The first thing you should do is make a list of 5-10 cities that are around the area you think you want to live in. Then head to City Data to check the cold, hard facts for each city. This will tell you the basics, like what age range is most common, how many people are renters, and the average income of people who live here. It won’t, however, tell you what living there will really be like. That’s what the next steps are for.

Search school districts

Asking people you trust about the school districts is always going to be your most reliable method for information gathering, but if you’re moving to an area where you don’t know anyone then this website is the next best thing. Parents go here to rate and review schools and you can search by city or zipcode for a quick glimpse of what the education system is like in different areas.

Look at traffic reports

Your quality of life is going to take a nosedive if you’re stuck in the car for an extended amount of time during rush-hour while you head to or from work. If you’re flexible on where you can move, it’s always best to go against the heavy traffic that happens during peak hours. Your blood pressure will thank you.
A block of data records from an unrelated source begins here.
(* Let $x\in\{0,1\}^\infty$ have randomness rate $\tau$ for some constant $\tau>0$, and let $0<\sigma<\tau$. Then for every sufficiently large $n_0$ there is $n_1>n_0$ such that \[K(x(n_0+1:n_1)\mid x(1:n_0))>\sigma(n_1-n_0).\] Furthermore, there is an effective procedure that on input $n_0,\tau,\sigma$ computes such an $n_1$.
   Context: $x(n_1:n_2)$ denotes the substring of bits $n_1$ through $n_2$ of $x$ (bits indexed from 1). $K(u)$ is plain Kolmogorov complexity with respect to a fixed universal machine, and $K(u\mid v)=\min\{|p|: U(p,v)=u\}$ is conditional plain Kolmogorov complexity with respect to a fixed universal conditional machine $U$. A sequence $x$ has randomness rate $\sigma$ if $K(x(1:n))\ge\sigma n$ for all but finitely many $n$. *)

theory Defs
  imports Complex_Main
begin

datatype recf = Z | S | Id nat | Cn recf "recf list" | Pr recf recf | Mn recf

inductive eval :: "recf \<Rightarrow> nat list \<Rightarrow> nat \<Rightarrow> bool" where
  eval_Z: "eval Z xs 0"
| eval_S: "eval S (x # xs) (Suc x)"
| eval_Id: "i < length xs \<Longrightarrow> eval (Id i) xs (xs ! i)"
| eval_Cn: "length ys = length gs \<Longrightarrow> (\<forall>i<length gs. eval (gs ! i) xs (ys ! i))
             \<Longrightarrow> eval f ys z \<Longrightarrow> eval (Cn f gs) xs z"
| eval_Pr0: "eval f xs y \<Longrightarrow> eval (Pr f g) (0 # xs) y"
| eval_PrS: "eval (Pr f g) (n # xs) y \<Longrightarrow> eval g (n # y # xs) z
             \<Longrightarrow> eval (Pr f g) (Suc n # xs) z"
| eval_Mn: "eval f (n # xs) 0 \<Longrightarrow> (\<forall>m<n. \<exists>k. eval f (m # xs) (Suc k))
             \<Longrightarrow> eval (Mn f) xs n"

text \<open>Bijective encoding of binary strings (bool lists) as natural numbers.\<close>
fun enc :: "bool list \<Rightarrow> nat" where
  "enc [] = 0"
| "enc (b # bs) = (if b then 2 else 1) + 2 * enc bs"

definition computable1 :: "(bool list \<Rightarrow> bool list option) \<Rightarrow> bool" where
  "computable1 M \<longleftrightarrow> (\<exists>f. \<forall>p y. eval f [enc p] y \<longleftrightarrow> (\<exists>u. M p = Some u \<and> y = enc u))"

definition computable2 :: "(bool list \<Rightarrow> bool list \<Rightarrow> bool list option) \<Rightarrow> bool" where
  "computable2 M \<longleftrightarrow>
     (\<exists>f. \<forall>p v y. eval f [enc p, enc v] y \<longleftrightarrow> (\<exists>u. M p v = Some u \<and> y = enc u))"

definition universal1 :: "(bool list \<Rightarrow> bool list option) \<Rightarrow> bool" where
  "universal1 U \<longleftrightarrow> computable1 U \<and>
     (\<forall>M. computable1 M \<longrightarrow> (\<exists>c. \<forall>p u. M p = Some u \<longrightarrow>
        (\<exists>q. U q = Some u \<and> length q \<le> length p + c)))"

definition universal2 :: "(bool list \<Rightarrow> bool list \<Rightarrow> bool list option) \<Rightarrow> bool" where
  "universal2 U \<longleftrightarrow> computable2 U \<and>
     (\<forall>M. computable2 M \<longrightarrow> (\<exists>c. \<forall>p v u. M p v = Some u \<longrightarrow>
        (\<exists>q. U q v = Some u \<and> length q \<le> length p + c)))"

definition KC :: "(bool list \<Rightarrow> bool list option) \<Rightarrow> bool list \<Rightarrow> nat" where
  "KC U u = (LEAST n. \<exists>p. length p = n \<and> U p = Some u)"

definition KCond :: "(bool list \<Rightarrow> bool list \<Rightarrow> bool list option) \<Rightarrow> bool list \<Rightarrow> bool list \<Rightarrow> nat" where
  "KCond U u v = (LEAST n. \<exists>p. length p = n \<and> U p v = Some u)"

text \<open>Infinite binary sequences are x :: nat => bool, where bit number k
  (bits indexed from 1) is x (k - 1).  seg x n1 n2 is x(n1:n2).\<close>
definition seg :: "(nat \<Rightarrow> bool) \<Rightarrow> nat \<Rightarrow> nat \<Rightarrow> bool list" where
  "seg x n1 n2 = map (\<lambda>k. x (k - 1)) [n1..<Suc n2]"

definition has_rate :: "(bool list \<Rightarrow> bool list option) \<Rightarrow> (nat \<Rightarrow> bool) \<Rightarrow> real \<Rightarrow> bool" where
  "has_rate U x \<sigma> \<longleftrightarrow> (\<forall>\<^sub>F n in sequentially. real (KC U (seg x 1 n)) \<ge> \<sigma> * real n)"

end

theory Submission
  imports Defs
begin

text \<open>A machine can read a self-delimiting code \<open>1\<^sup>|\<^sup>v\<^sup>| 0 v q\<close>, run the conditional
  universal machine on \<open>q\<close> with condition \<open>v\<close> and print \<open>v\<close> followed by the result; by
  universality \<open>K(v w) \<le> 2|v| + K(w | v) + c\<close>. With \<open>v = x(1:n\<^sub>0)\<close> and
  \<open>w = x(n\<^sub>0+1 : k n\<^sub>0)\<close> the randomness rate gives \<open>K(v w) \<ge> \<tau> k n\<^sub>0\<close>, hence
  \<open>K(w | v) \<ge> (\<tau> k - 2) n\<^sub>0 - c\<close>, which exceeds \<open>\<sigma> (k - 1) n\<^sub>0\<close> for large \<open>n\<^sub>0\<close> as soon as
  \<open>(\<tau> - \<sigma>) k \<ge> 2\<close>. For \<open>\<tau> = a/b\<close> and \<open>\<sigma> = c/d\<close> the integer \<open>k = 2bd + 1\<close> works, so
  \<open>n\<^sub>1 = k n\<^sub>0\<close> is computed by a primitive recursive program.\<close>

section \<open>Mu-recursive programs computing total functions\<close>

lemma eval_Z_iff [simp]: "eval Z xs y \<longleftrightarrow> y = 0"
  by (auto elim: eval.cases intro: eval.intros)

lemma eval_S_iff: "eval S xs y \<longleftrightarrow> (\<exists>a ys. xs = a # ys \<and> y = Suc a)"
  by (auto elim: eval.cases intro: eval.intros)

lemma eval_Id_iff [simp]: "eval (Id i) xs y \<longleftrightarrow> i < length xs \<and> y = xs ! i"
  by (auto elim: eval.cases intro: eval.intros)

lemma eval_Cn_iff:
  "eval (Cn f gs) xs z \<longleftrightarrow>
     (\<exists>ys. length ys = length gs \<and> (\<forall>i<length gs. eval (gs ! i) xs (ys ! i)) \<and> eval f ys z)"
  by (auto elim: eval.cases intro: eval.intros)

lemma eval_Pr0_iff: "eval (Pr f g) (0 # xs) y \<longleftrightarrow> eval f xs y"
  by (auto elim: eval.cases intro: eval.intros)

lemma eval_PrS_iff:
  "eval (Pr f g) (Suc n # xs) z \<longleftrightarrow> (\<exists>y. eval (Pr f g) (n # xs) y \<and> eval g (n # y # xs) z)"
  by (auto elim: eval.cases intro: eval.intros)

lemma eval_Mn_iff:
  "eval (Mn f) xs n \<longleftrightarrow> eval f (n # xs) 0 \<and> (\<forall>m<n. \<exists>k. eval f (m # xs) (Suc k))"
  by (auto elim: eval.cases intro: eval.intros)

lemma eval_Cn1_iff: "eval (Cn f [g]) xs z \<longleftrightarrow> (\<exists>a. eval g xs a \<and> eval f [a] z)"
  unfolding eval_Cn_iff by (auto simp: length_Suc_conv)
To find out where the traffic is the worst, first determine the major highways around your office and then check the reports on Waze. This site has real-time information about traffic in all directions, and can help you determine which roads are going to provide a stress-free commute.

Find the parks…and then check Yelp

Having parks around is an asset for many people, but they can also tell you a lot about an area. To determine which type of parks are in the neighborhood, look it up on Google Maps and then check Yelp.

Yelp isn’t just for restaurants, a surprising amount of locals will leave reviews for parks nearby to let you know if they’re family-friendly havens or magnets for crime.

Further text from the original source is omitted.